The Willow Flycatcher Migration plot demonstrates changes in Willow Flycatcher distribution as the result of migration patterns across a single year (2023). Timing in migration reflects the annual cycles of breeding and wintering. Typically this species will journey between 2,000 to over 5,000 miles per year in keeping with these cycles. Dates of migration (arrival and departure) vary depending on the latitude. In the early 1990s, spring arrivals were indicated to be near 30-35° North around late April and early May. At 46-50° North, the spring arrival window was between late May and mid-June. Fall departure dates were around late August and early October at 30-35° North whereas in the 46-50° North range the dates were between late August and late September.

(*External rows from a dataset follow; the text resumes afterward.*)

(* Let $\overline{\delta}>\underline{\delta}>0$, $\alpha\in(0,1)$, and let $C:[0,1]\to\mathbb{R}^{D\times D}$ be $\alpha$-H\"older continuous with $\overline{\delta}|y|^2\ge y^TC(t)C(t)^Ty\ge\underline{\delta}|y|^2$ for all $y\in\mathbb{R}^D$, $t\in[0,1]$. Define $\Sigma(t,s):=\int_t^sC(u)C(u)^Tdu$ for $0\le t<s\le1$. Then: (1) $\Sigma(t,s)$ is symmetric positive definite and $|\Sigma(t,s)_{ij}|\le\overline{\delta}(s-t)$, $\underline{\delta}(s-t)\le\Sigma(t,s)_{ii}$ for $i,j=1,\dots,D$. (2) $\Sigma(t,s)^{-1}$ exists, is symmetric positive definite, and $\frac1{\overline{\delta}(s-t)}\le\Sigma(t,s)^{-1}_{ii}\le\frac1{\underline{\delta}(s-t)}$; consequently $|\Sigma(t,s)^{-1}_{ij}|\le\frac1{\underline{\delta}(s-t)}$ for $i,j=1,\dots,D$. (3) The lower triangular Cholesky factor $L(t,s)$ in $\Sigma(t,s)=L(t,s)L(t,s)^T$ satisfies $|L(t,s)_{ij}|\le\sqrt{\overline{\delta}(s-t)}$ and $L(t,s)_{ii}\ge\sqrt{\underline{\delta}(s-t)}$ for $i,j=1,\dots,D$. (4) There is a constant $c$ depending only on $\underline{\delta},\overline{\delta},D$ such that $\|L(t_1,s)-L(t_2,s)\|_F\le c\sqrt{t_2-t_1}$ for $0\le t_1<t_2<s\le1$. (5) There is a constant $c$ depending only on $\underline{\delta},\overline{\delta},D$ such that for $i=1,\dots,D$ and $0\le t_1<t_2<s\le1$, $$\Big|\sqrt{\Sigma(t_1,s)^{-1}_{ii}}-\sqrt{\Sigma(t_2,s)^{-1}_{ii}}\Big|\le c\min\Big\{\frac1{\sqrt{s-t_2}},\frac{t_2-t_1}{(s-t_2)^{3/2}}\Big\}.$$
   Context: $\|X\|_F$ denotes the Frobenius norm $\big(\sum_{i,j}X_{ij}^2\big)^{1/2}$ of a matrix $X$. *)

theory Defs
  imports "HOL-Analysis.Analysis"
begin

text \<open>Matrices in R^{D x D} are rendered as real^'n^'n with D = CARD('n);
  the index type is well-ordered so that "lower triangular" makes sense.\<close>

definition frob_norm :: "real^'n^'m \<Rightarrow> real" where
  "frob_norm X = sqrt (\<Sum>i\<in>UNIV. \<Sum>j\<in>UNIV. (X $ i $ j)^2)"
lemma lpos_in_ltr_max_pos:
  "1 \<le> k \<Longrightarrow> k \<le> card (ltr_max_pos w) \<Longrightarrow> lpos w k \<in> ltr_max_pos w"
  using nth_mem[of "k - 1" "sorted_list_of_set (ltr_max_pos w)"]
  by (simp add: lpos_def finite_ltr_max_pos)

lemma rpos_in_rtl_max_pos:
  "1 \<le> k \<Longrightarrow> k \<le> card (rtl_max_pos w) \<Longrightarrow> rpos w k \<in> rtl_max_pos w"
  using nth_mem[of "k - 1" "sorted_list_of_set (rtl_max_pos w)"]
  by (simp add: rpos_def finite_rtl_max_pos)

lemma lpos_less_lpos_Suc:
  "1 \<le> k \<Longrightarrow> Suc k \<le> card (ltr_max_pos w) \<Longrightarrow> lpos w k < lpos w (Suc k)"
  unfolding lpos_def by (rule sorted_list_of_set_nth_less[OF finite_ltr_max_pos]) auto

lemma rpos_1_less_rpos_2: "1 < card (rtl_max_pos w) \<Longrightarrow> rpos w 1 < rpos w 2"
  unfolding rpos_def by (rule sorted_list_of_set_nth_less[OF finite_rtl_max_pos]) auto

lemma ltr_max_pos_le_rtl_max_pos:
  "i \<in> ltr_max_pos w \<Longrightarrow> j \<in> rtl_max_pos w \<Longrightarrow> i \<le> j"
proof (rule ccontr)
  assume "i \<in> ltr_max_pos w" "j \<in> rtl_max_pos w" "\<not> i \<le> j"
  then have "letter w j < letter w i" "letter w i < letter w j"
    unfolding ltr_max_pos_def rtl_max_pos_def by auto
  then show False by simp
qed

lemma ltr_max_dominates:
  assumes "distinct w" "1 \<le> j" "j \<le> length w"
  obtains i where "i \<in> ltr_max_pos w" "i \<le> j" "letter w j \<le> letter w i"
proof -
  let ?M = "Max (letter w ` {1..j})"
  have "?M \<in> letter w ` {1..j}"
    using assms(2) by (intro Max_in) auto
  then obtain i where i: "1 \<le> i" "i \<le> j" "letter w i = ?M"
    by auto
  have "letter w i' < letter w i" if "1 \<le> i'" "i' < i" for i'
  proof -
    have "letter w i' \<le> ?M"
      using that i by (intro Max_ge) auto
    moreover have "letter w i' \<noteq> letter w i"
      using that i(1,2) assms by (simp add: letter_eq_letter_iff)
    ultimately show ?thesis using i(3) by simp
  qed
  then have "i \<in> ltr_max_pos w"
    using i assms by (auto simp: ltr_max_pos_def)
  moreover have "letter w j \<le> letter w i"
    using i(3) assms(2) by simp
  ultimately show thesis
    using i(2) that by blast
qed

lemma letter_between_lpos_less:
  assumes "distinct w" "1 \<le> k" "Suc k \<le> card (ltr_max_pos w)"
    and "lpos w k < j" "j < lpos w (Suc k)"
  shows "letter w j < letter w (lpos w k)"
proof -
  let ?a = "lpos w k"
  have a: "?a \<in> ltr_max_pos w" and m: "lpos w (Suc k) \<in> ltr_max_pos w"
    using assms(2,3) by (auto intro: lpos_in_ltr_max_pos)
  then have j: "1 \<le> j" "j \<le> length w"
    using assms(4,5) by (auto simp: ltr_max_pos_def)
  obtain i where i: "i \<in> ltr_max_pos w" "i \<le> j" "letter w j \<le> letter w i"
    using ltr_max_dominates[OF assms(1) j] .
  have "i \<le> ?a"
  proof (rule ccontr)
    assume "\<not> i \<le> ?a"
    then have "sorted_list_of_set (ltr_max_pos w) ! Suc (k - 1) \<le> i"
      using assms(2,3)
      by (intro sorted_list_of_set_nth_Suc_le[OF finite_ltr_max_pos _ i(1)]) (simp_all add: lpos_def)
    then have "lpos w (Suc k) \<le> i"
      using assms(2) by (simp add: lpos_def)
    with i(2) assms(5) show False by simp
  qed
  then have "letter w i \<le> letter w ?a"
    using a i(1) by (cases "i = ?a") (auto simp: ltr_max_pos_def)
  moreover have "j \<noteq> ?a" using assms(4) by simp
  then have "letter w j \<noteq> letter w ?a"
    using a j assms(1) by (simp add: letter_eq_letter_iff ltr_max_pos_def)
  ultimately show ?thesis using i(3) by simp
qed

locale descent_before_gap =
  fixes w :: "nat list" and x a m r :: nat
  assumes distinct: "distinct w"
    and avoids: "avoids_3_12_45 w"
    and descent: "1 \<le> x" "x < a" "letter w (x + 1) < letter w x"
    and gap: "a < m" "\<And>j. a < j \<Longrightarrow> j < m \<Longrightarrow> letter w j < letter w a"
    and x_below_m: "letter w x < letter w m"
    and r: "m < r" "r \<le> length w"
begin

abbreviation mid :: "nat set" where
  "mid \<equiv> {i. a < i \<and> i < m \<and> letter w x < letter w i \<and> letter w i < letter w a}"

lemma no_occurrence_after_descent:
  assumes "x + 1 < j" "j < u" "u < v" "v \<le> length w"
    and "letter w j < letter w x" "letter w x < letter w u" "letter w x < letter w v"
  shows False
  using avoids_3_12_45_no_occurrence[OF distinct avoids descent(1), of "x + 1" j u v]
    assms descent(3) by simp

lemma letter_cases_x:
  assumes "x < j" "j \<le> length w"
  obtains "letter w j < letter w x" | "letter w x < letter w j"
proof -
  have "letter w j \<noteq> letter w x"
    using assms descent(1) distinct by (simp add: letter_eq_letter_iff)
  then show thesis using that by linarith
qed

The northern limit of the species distribution and as a consequence, migration dates, are likely to move in response to climate change. Between the late 1960s and early 2000s, the northern hemisphere spring maximum temperatures increased about 1°C and during that period a mean shift north in breeding range for the Willow Flycatcher was observed (135.44 ± 59.37 km). Moreover, global temperatures are continuing to increase; 2023 was approximately 1.36°C warmer than the preindustrial average (1850-1900). The 2023 migration plot illustrates a latitude realignment compared to the early 2000s in the distribution corresponding to temperature signals. Spring arrivals in April approached 45° North and fall departures in the 46-50° North range were closer to October. Within the breeding range, there were no observations for April 2023 in Canada. The earliest spring arrivals appeared in May with the greatest in Ontario about 6 degrees north of the 1990s latitude. Between 46 and 50 degrees north latitude, few observations were recorded in May at 46° North in the Eastern Canadian Forest-Boreal transition compared to the largest occurrences near the top of the range at 49° North within the British Columbia coastal conifer forests. April arrivals in the United States were most prominent near 37° North in the Interior Plateau US Hardwood Forests ecoregion. During May the lowest observations were recorded in the 30-35° North range (Arizona Mountains forests) and the highest occurrences surpassed that range at 39° North (Appalachian-Blue Ridge forests). The flycatcher distribution is strongly correlated with temperature and as evidenced by these observations, is likely expanding its northern limit and migration timing in response to climate change.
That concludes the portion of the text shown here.